Approximating the semantic space: word embedding techniques in psychiatric speech analysis
Large language models provide high-dimensional representations (embeddings) of word meaning, which allow quantifying changes in the geometry of the semantic space in mental disorders. A pattern of a more condensed (‘shrinking’) semantic space marked by an increase in mean semantic similarity between words has been recently documented in psychosis across several languages. We aimed to explore this pattern further in picture descriptions provided by a transdiagnostic German sample of patients with schizophrenia spectrum disorders (SSD) (n = 42), major depression (MDD, n = 43), and healthy controls (n = 44).

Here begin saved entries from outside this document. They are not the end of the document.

lemma RF_bb_sum_right:
  assumes "n \<ge> 4"
  shows "(\<Sum>j<n+2. v j * RF_bb n a j k) =
     (if 3 \<le> a \<and> a \<le> n \<and> k = a + 1 then v 2 else 0)
   - (if a = 1 \<and> k = 2 then v 2 else 0)
   + (if a = 2 \<and> k = 2 then v 1 else 0)
   + (if 3 \<le> a \<and> a \<le> n + 1 \<and> k = a then of_nat (a - 2) * v 1 else 0)
   + (if 3 \<le> a \<and> a \<le> n + 1 \<and> k = a then v 0 else 0)"
proof -
  have "RF_bb n a j k =
       (if j = 2 then (if 3 \<le> a \<and> a \<le> n \<and> k = a + 1 then 1 else 0)
          + (if a = 1 \<and> k = 2 then -1 else 0) else 0)
     + (if j = 1 then (if a = 2 \<and> k = 2 then 1 else 0)
          + (if 3 \<le> a \<and> a \<le> n + 1 \<and> k = a then of_nat (a - 2) else 0) else 0)
     + (if j = 0 then (if 3 \<le> a \<and> a \<le> n + 1 \<and> k = a then 1 else 0) else 0)" for j
    by (auto simp: RF_bb_apply)
  then show ?thesis
    using assms by (simp add: distrib_left sum.distrib sum_mult_delta)
qed

lemma RF_is_leibniz: "n \<ge> 4 \<Longrightarrow> is_leibniz (n+2) (RF_bb n)"
  unfolding is_leibniz_def RF_bb_sum_out by (auto simp: RF_bb_apply)

lemma RF_compat_rows:
  assumes X: "(d, D) \<in> Bider (n+2) (RF_bb n)" and n: "n \<ge> 4" and b: "b \<le> n + 1"
  shows "d 0 b = D 0 b" "d 1 b = D 1 b" "d 2 b = D 2 b"
proof -
  note compat = Bider_coords(5)[OF X, unfolded RF_bb_sum_right[OF n]]
  show "d 1 b = D 1 b" "d 2 b = D 2 b"
    using compat[of 2 b 2] compat[of 1 b 2] n b by simp_all
  moreover have "d 1 b + d 0 b = D 1 b + D 0 b"
    using compat[of 3 b 3] n b by simp
  ultimately show "d 0 b = D 0 b" by simp
qed

lemma RF_antiderivation_vanishes:
  assumes X: "(d, D) \<in> Bider (n+2) (RF_bb n)" and n: "n \<ge> 4"
    and D22: "D 2 2 = 0" and D21: "D 2 1 = 0"
    and Dk0: "\<And>k. 3 \<le> k \<Longrightarrow> k \<le> n + 1 \<Longrightarrow> D k 0 = 0"
  shows "D = 0"
proof -
  note der = Bider_coords(3)[OF X, unfolded RF_bb_sum_out[OF n] RF_bb_sum_left[OF n] RF_bb_sum_right[OF n]]
  note anti = Bider_coords(4)[OF X, unfolded RF_bb_sum_out[OF n] RF_bb_sum_left[OF n]]
  have D00: "D 0 0 = 0" and D01: "D 0 1 = 0"
    using der[of 0 2 2] der[of 3 0 3] der[of 1 2 2] der[of 3 1 3] n
      RF_compat_rows(1)[OF X n, of 0] RF_compat_rows(1)[OF X n, of 1] by simp_all
  have col0: "D k 0 = 0" if "k \<le> n + 1" for k
  proof -
    consider "k = 0" | "k = 1" | "k = 2" | "k \<ge> 3" by linarith
    then show ?thesis
      by cases (use D00 anti[of 0 2 2] anti[of 0 1 2] Dk0 that n in simp_all)
  qed
  have col1: "D k 1 = 0" if "k \<le> n + 1" for k
  proof -
    consider "k = 0" | "k = 1" | "k = 2" | "k \<ge> 3" by linarith
    then show ?thesis
      by cases (use D01 anti[of 1 2 2] D21 anti[of 0 1 k] Dk0[of k] that n in simp_all)
  qed
  have col2: "D k 2 = 0" if "k \<le> n + 1" for k
  proof -
    consider "k = 0" | "k = 1" | "k = 2" | "k = 3" | "k \<ge> 4" by linarith
    then show ?thesis
      by cases (use anti[of 1 2 0] anti[of 1 2 1] D22 anti[of 0 2 3] anti[of 0 2 k] Dk0[of "k - 1"]
          that n in simp_all)
  qed
  have col_ge3: "D k q = 0" if "k \<le> n + 1" "3 \<le> q" "q \<le> n + 1" for k q
    using anti[of 0 q k] anti[of q 0 k] n that by (cases "k \<ge> 3") simp_all
  show "D = 0"
  proof (rule mats_eq_0I[OF Bider_coords(2)[OF X]])
    show "D k q = 0" if "k < n + 2" "q < n + 2" for k q
    proof -
      consider "q = 0" | "q = 1" | "q = 2" | "q \<ge> 3" by linarith
      then show ?thesis
        by cases (use col0 col1 col2 col_ge3 that in simp_all)
    qed
  qed
qed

Compared to controls, both clinical groups showed more restricted dynamic navigational patterns as captured by the time series of semantic distances crossed, while also showing differential patterns in the total distances and trajectories navigated. These findings demonstrate alterations centred on the dynamics of the flow of meaning across the semantic space in SSD and MDD, preserving previous indications towards a shrinking semantic space in both cases.